[[ DATASET RECORDS open ]]
(* Let $\mathcal{H}$ be a complex Hilbert space and let $T\in\mathcal{B}(\mathcal{H})$ be a $\Delta_T$-regular completely hyperexpansive operator. For $n\ge1$ let $A_n(T)=-\sum_{j=0}^n(-1)^j\binom{n}{j}T^{*j}T^j\ (\ge0)$. The following statements are equivalent: (i) $T$ is $A_n(T)$-regular for every integer $n\ge2$; (ii) $T$ is $A_j(T)$-regular for $j=2,3$; (iii) $T$ is $A_2(T)$-regular and the compression $P_{\overline{A_2(T)\mathcal{H}}}T|_{\overline{A_2(T)\mathcal{H}}}$ of $T$ to $\overline{A_2(T)\mathcal{H}}$ is a quasinormal contraction. In addition, if one of (i)–(iii) holds, then $\mathcal{N}(A_2(T))=\mathcal{N}(A_n(T))$ for all $n\ge3$.
   Context: $\Delta_T=T^*T-I$ (so $A_1(T)=\Delta_T$). $T$ is completely hyperexpansive if $\sum_{j=0}^n(-1)^j\binom{n}{j}T^{*j}T^j\le0$ for all $n\ge1$. For a positive operator $A$, $T$ is $A$-regular if $AT=A^{1/2}TA^{1/2}$. An operator $Q$ is quasinormal if $QQ^*Q=Q^*Q^2$. *)

theory Defs
  imports "HOL-Analysis.Analysis"
begin

class complex_vector = real_vector +
  fixes scaleC :: "complex \<Rightarrow> 'a \<Rightarrow> 'a"
  assumes scaleC_add_right: "scaleC a (x + y) = scaleC a x + scaleC a y"
    and scaleC_add_left: "scaleC (a + b) x = scaleC a x + scaleC b x"
    and scaleC_scaleC: "scaleC a (scaleC b x) = scaleC (a * b) x"
    and scaleC_one: "scaleC 1 x = x"
    and scaleR_scaleC: "scaleR r x = scaleC (complex_of_real r) x"

class complex_normed_vector = complex_vector + real_normed_vector +
  assumes norm_scaleC: "norm (scaleC a x) = cmod a * norm x"

text \<open>Inner product, conjugate-linear in the first and linear in the second argument.\<close>
class complex_inner = complex_normed_vector +
  fixes cinner :: "'a \<Rightarrow> 'a \<Rightarrow> complex"
  assumes cinner_commute: "cinner x y = cnj (cinner y x)"
    and cinner_add_left: "cinner (x + y) z = cinner x z + cinner y z"
    and cinner_scaleC_left: "cinner (scaleC r x) y = cnj r * cinner x y"
    and cinner_self_real: "Im (cinner x x) = 0"
    and cinner_self_nonneg: "0 \<le> Re (cinner x x)"
    and cinner_self_eq_zero: "cinner x x = 0 \<longleftrightarrow> x = 0"
    and norm_eq_sqrt_cinner: "norm x = sqrt (Re (cinner x x))"

class chilbert_space = complex_inner + complete_space

instantiation complex :: complex_vector
begin
definition scaleC_complex_def: "scaleC a (x::complex) = a * x"
instance by standard (auto simp: scaleC_complex_def algebra_simps scaleR_conv_of_real)
end

instance complex :: complex_normed_vector
  by standard (simp add: scaleC_complex_def norm_mult)

instantiation complex :: complex_inner
begin
definition cinner_complex_def: "cinner (x::complex) y = cnj x * y"
instance
  by standard (auto simp: cinner_complex_def scaleC_complex_def algebra_simps complex_norm_square
      cmod_def power2_eq_square)
end

instance complex :: chilbert_space ..

definition clinear :: "('a::complex_vector \<Rightarrow> 'b::complex_vector) \<Rightarrow> bool" where
  "clinear f \<longleftrightarrow> (\<forall>x y. f (x + y) = f x + f y) \<and> (\<forall>c x. f (scaleC c x) = scaleC c (f x))"

definition cbounded :: "('a::complex_normed_vector \<Rightarrow> 'b::complex_normed_vector) \<Rightarrow> bool" where
  "cbounded f \<longleftrightarrow> clinear f \<and> (\<exists>K. \<forall>x. norm (f x) \<le> norm x * K)"

definition cadjoint :: "('a::chilbert_space \<Rightarrow> 'a) \<Rightarrow> ('a \<Rightarrow> 'a)" where
  "cadjoint T = (THE S. \<forall>x y. cinner (T x) y = cinner x (S y))"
[[ DATASET RECORDS closed ]]
**WORK REQUIRED**
Would you write out each entry precisely as it is given?

**YOUR SOLUTION**
(* Let $\mathcal{H}$ be a complex Hilbert space and let $T\in\mathcal{B}(\mathcal{H})$ be a $\Delta_T$-regular completely hyperexpansive operator. For $n\ge1$ let $A_n(T)=-\sum_{j=0}^n(-1)^j\binom{n}{j}T^{*j}T^j\ (\ge0)$. The following statements are equivalent: (i) $T$ is $A_n(T)$-regular for every integer $n\ge2$; (ii) $T$ is $A_j(T)$-regular for $j=2,3$; (iii) $T$ is $A_2(T)$-regular and the compression $P_{\overline{A_2(T)\mathcal{H}}}T|_{\overline{A_2(T)\mathcal{H}}}$ of $T$ to $\overline{A_2(T)\mathcal{H}}$ is a quasinormal contraction. In addition, if one of (i)–(iii) holds, then $\mathcal{N}(A_2(T))=\mathcal{N}(A_n(T))$ for all $n\ge3$.
   Context: $\Delta_T=T^*T-I$ (so $A_1(T)=\Delta_T$). $T$ is completely hyperexpansive if $\sum_{j=0}^n(-1)^j\binom{n}{j}T^{*j}T^j\le0$ for all $n\ge1$. For a positive operator $A$, $T$ is $A$-regular if $AT=A^{1/2}TA^{1/2}$. An operator $Q$ is quasinormal if $QQ^*Q=Q^*Q^2$. *)

theory Defs
  imports "HOL-Analysis.Analysis"
begin

class complex_vector = real_vector +
  fixes scaleC :: "complex \<Rightarrow> 'a \<Rightarrow> 'a"
  assumes scaleC_add_right: "scaleC a (x + y) = scaleC a x + scaleC a y"
    and scaleC_add_left: "scaleC (a + b) x = scaleC a x + scaleC b x"
    and scaleC_scaleC: "scaleC a (scaleC b x) = scaleC (a * b) x"
    and scaleC_one: "scaleC 1 x = x"
    and scaleR_scaleC: "scaleR r x = scaleC (complex_of_real r) x"

class complex_normed_vector = complex_vector + real_normed_vector +
  assumes norm_scaleC: "norm (scaleC a x) = cmod a * norm x"

text \<open>Inner product, conjugate-linear in the first and linear in the second argument.\<close>
class complex_inner = complex_normed_vector +
  fixes cinner :: "'a \<Rightarrow> 'a \<Rightarrow> complex"
  assumes cinner_commute: "cinner x y = cnj (cinner y x)"
    and cinner_add_left: "cinner (x + y) z = cinner x z + cinner y z"
    and cinner_scaleC_left: "cinner (scaleC r x) y = cnj r * cinner x y"
    and cinner_self_real: "Im (cinner x x) = 0"
    and cinner_self_nonneg: "0 \<le> Re (cinner x x)"
    and cinner_self_eq_zero: "cinner x x = 0 \<longleftrightarrow> x = 0"
    and norm_eq_sqrt_cinner: "norm x = sqrt (Re (cinner x x))"

class chilbert_space = complex_inner + complete_space

instantiation complex :: complex_vector
begin
definition scaleC_complex_def: "scaleC a (x::complex) = a * x"
instance by standard (auto simp: scaleC_complex_def algebra_simps scaleR_conv_of_real)
end

instance complex :: complex_normed_vector
  by standard (simp add: scaleC_complex_def norm_mult)

instantiation complex :: complex_inner
begin
definition cinner_complex_def: "cinner (x::complex) y = cnj x * y"
instance
  by standard (auto simp: cinner_complex_def scaleC_complex_def algebra_simps complex_norm_square
      cmod_def power2_eq_square)
end

instance complex :: chilbert_space ..

definition clinear :: "('a::complex_vector \<Rightarrow> 'b::complex_vector) \<Rightarrow> bool" where
  "clinear f \<longleftrightarrow> (\<forall>x y. f (x + y) = f x + f y) \<and> (\<forall>c x. f (scaleC c x) = scaleC c (f x))"

definition cbounded :: "('a::complex_normed_vector \<Rightarrow> 'b::complex_normed_vector) \<Rightarrow> bool" where
  "cbounded f \<longleftrightarrow> clinear f \<and> (\<exists>K. \<forall>x. norm (f x) \<le> norm x * K)"

definition cadjoint :: "('a::chilbert_space \<Rightarrow> 'a) \<Rightarrow> ('a \<Rightarrow> 'a)" where
  "cadjoint T = (THE S. \<forall>x y. cinner (T x) y = cinner x (S y))"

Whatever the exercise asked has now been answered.